- _EXTRACTED MATERIAL_
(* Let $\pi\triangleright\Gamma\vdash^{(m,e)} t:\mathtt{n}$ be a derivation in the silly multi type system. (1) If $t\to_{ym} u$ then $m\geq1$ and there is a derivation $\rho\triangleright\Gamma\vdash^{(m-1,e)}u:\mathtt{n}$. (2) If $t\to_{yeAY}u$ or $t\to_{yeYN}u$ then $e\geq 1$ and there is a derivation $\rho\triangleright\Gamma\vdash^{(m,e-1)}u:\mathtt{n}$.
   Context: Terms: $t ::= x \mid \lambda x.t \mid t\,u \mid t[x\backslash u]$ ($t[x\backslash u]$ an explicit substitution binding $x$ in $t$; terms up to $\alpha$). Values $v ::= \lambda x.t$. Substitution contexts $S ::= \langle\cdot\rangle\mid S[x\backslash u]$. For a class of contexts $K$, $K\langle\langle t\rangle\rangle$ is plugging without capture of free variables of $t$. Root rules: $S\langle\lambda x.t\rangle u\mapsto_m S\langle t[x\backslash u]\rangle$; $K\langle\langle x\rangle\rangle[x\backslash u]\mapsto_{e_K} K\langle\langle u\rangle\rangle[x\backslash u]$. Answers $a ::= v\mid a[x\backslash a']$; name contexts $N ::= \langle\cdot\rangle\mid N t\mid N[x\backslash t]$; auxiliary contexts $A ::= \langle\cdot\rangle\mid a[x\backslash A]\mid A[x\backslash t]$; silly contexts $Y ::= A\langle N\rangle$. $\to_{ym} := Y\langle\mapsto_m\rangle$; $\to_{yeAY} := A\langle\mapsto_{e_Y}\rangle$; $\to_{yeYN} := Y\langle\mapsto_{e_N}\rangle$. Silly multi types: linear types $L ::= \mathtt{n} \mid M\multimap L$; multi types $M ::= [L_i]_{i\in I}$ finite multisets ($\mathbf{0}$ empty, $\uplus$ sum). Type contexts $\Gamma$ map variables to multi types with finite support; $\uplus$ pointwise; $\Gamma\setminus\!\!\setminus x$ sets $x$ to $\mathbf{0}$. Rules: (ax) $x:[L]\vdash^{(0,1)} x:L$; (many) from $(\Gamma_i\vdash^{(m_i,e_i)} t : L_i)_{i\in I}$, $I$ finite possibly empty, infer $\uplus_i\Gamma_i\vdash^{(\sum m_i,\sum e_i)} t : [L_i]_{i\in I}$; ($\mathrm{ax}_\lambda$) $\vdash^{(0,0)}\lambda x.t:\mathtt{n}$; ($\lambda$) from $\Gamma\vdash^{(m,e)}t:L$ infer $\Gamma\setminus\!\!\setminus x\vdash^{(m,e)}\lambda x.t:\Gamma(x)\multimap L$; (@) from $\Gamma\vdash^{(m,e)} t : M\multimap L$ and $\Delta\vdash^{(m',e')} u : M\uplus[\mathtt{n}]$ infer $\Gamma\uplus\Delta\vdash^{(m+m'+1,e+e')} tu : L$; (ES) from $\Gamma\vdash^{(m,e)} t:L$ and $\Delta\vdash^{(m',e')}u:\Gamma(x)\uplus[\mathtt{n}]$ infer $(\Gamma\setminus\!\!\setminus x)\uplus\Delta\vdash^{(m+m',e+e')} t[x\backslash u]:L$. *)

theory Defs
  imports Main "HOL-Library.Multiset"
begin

- _WHAT TO PRODUCE_
Copy the entries exactly, leaving no line out.

- _TASK OUTPUT_
(* Let $\pi\triangleright\Gamma\vdash^{(m,e)} t:\mathtt{n}$ be a derivation in the silly multi type system. (1) If $t\to_{ym} u$ then $m\geq1$ and there is a derivation $\rho\triangleright\Gamma\vdash^{(m-1,e)}u:\mathtt{n}$. (2) If $t\to_{yeAY}u$ or $t\to_{yeYN}u$ then $e\geq 1$ and there is a derivation $\rho\triangleright\Gamma\vdash^{(m,e-1)}u:\mathtt{n}$.
   Context: Terms: $t ::= x \mid \lambda x.t \mid t\,u \mid t[x\backslash u]$ ($t[x\backslash u]$ an explicit substitution binding $x$ in $t$; terms up to $\alpha$). Values $v ::= \lambda x.t$. Substitution contexts $S ::= \langle\cdot\rangle\mid S[x\backslash u]$. For a class of contexts $K$, $K\langle\langle t\rangle\rangle$ is plugging without capture of free variables of $t$. Root rules: $S\langle\lambda x.t\rangle u\mapsto_m S\langle t[x\backslash u]\rangle$; $K\langle\langle x\rangle\rangle[x\backslash u]\mapsto_{e_K} K\langle\langle u\rangle\rangle[x\backslash u]$. Answers $a ::= v\mid a[x\backslash a']$; name contexts $N ::= \langle\cdot\rangle\mid N t\mid N[x\backslash t]$; auxiliary contexts $A ::= \langle\cdot\rangle\mid a[x\backslash A]\mid A[x\backslash t]$; silly contexts $Y ::= A\langle N\rangle$. $\to_{ym} := Y\langle\mapsto_m\rangle$; $\to_{yeAY} := A\langle\mapsto_{e_Y}\rangle$; $\to_{yeYN} := Y\langle\mapsto_{e_N}\rangle$. Silly multi types: linear types $L ::= \mathtt{n} \mid M\multimap L$; multi types $M ::= [L_i]_{i\in I}$ finite multisets ($\mathbf{0}$ empty, $\uplus$ sum). Type contexts $\Gamma$ map variables to multi types with finite support; $\uplus$ pointwise; $\Gamma\setminus\!\!\setminus x$ sets $x$ to $\mathbf{0}$. Rules: (ax) $x:[L]\vdash^{(0,1)} x:L$; (many) from $(\Gamma_i\vdash^{(m_i,e_i)} t : L_i)_{i\in I}$, $I$ finite possibly empty, infer $\uplus_i\Gamma_i\vdash^{(\sum m_i,\sum e_i)} t : [L_i]_{i\in I}$; ($\mathrm{ax}_\lambda$) $\vdash^{(0,0)}\lambda x.t:\mathtt{n}$; ($\lambda$) from $\Gamma\vdash^{(m,e)}t:L$ infer $\Gamma\setminus\!\!\setminus x\vdash^{(m,e)}\lambda x.t:\Gamma(x)\multimap L$; (@) from $\Gamma\vdash^{(m,e)} t : M\multimap L$ and $\Delta\vdash^{(m',e')} u : M\uplus[\mathtt{n}]$ infer $\Gamma\uplus\Delta\vdash^{(m+m'+1,e+e')} tu : L$; (ES) from $\Gamma\vdash^{(m,e)} t:L$ and $\Delta\vdash^{(m',e')}u:\Gamma(x)\uplus[\mathtt{n}]$ infer $(\Gamma\setminus\!\!\setminus x)\uplus\Delta\vdash^{(m+m',e+e')} t[x\backslash u]:L$. *)

theory Defs
  imports Main "HOL-Library.Multiset"
begin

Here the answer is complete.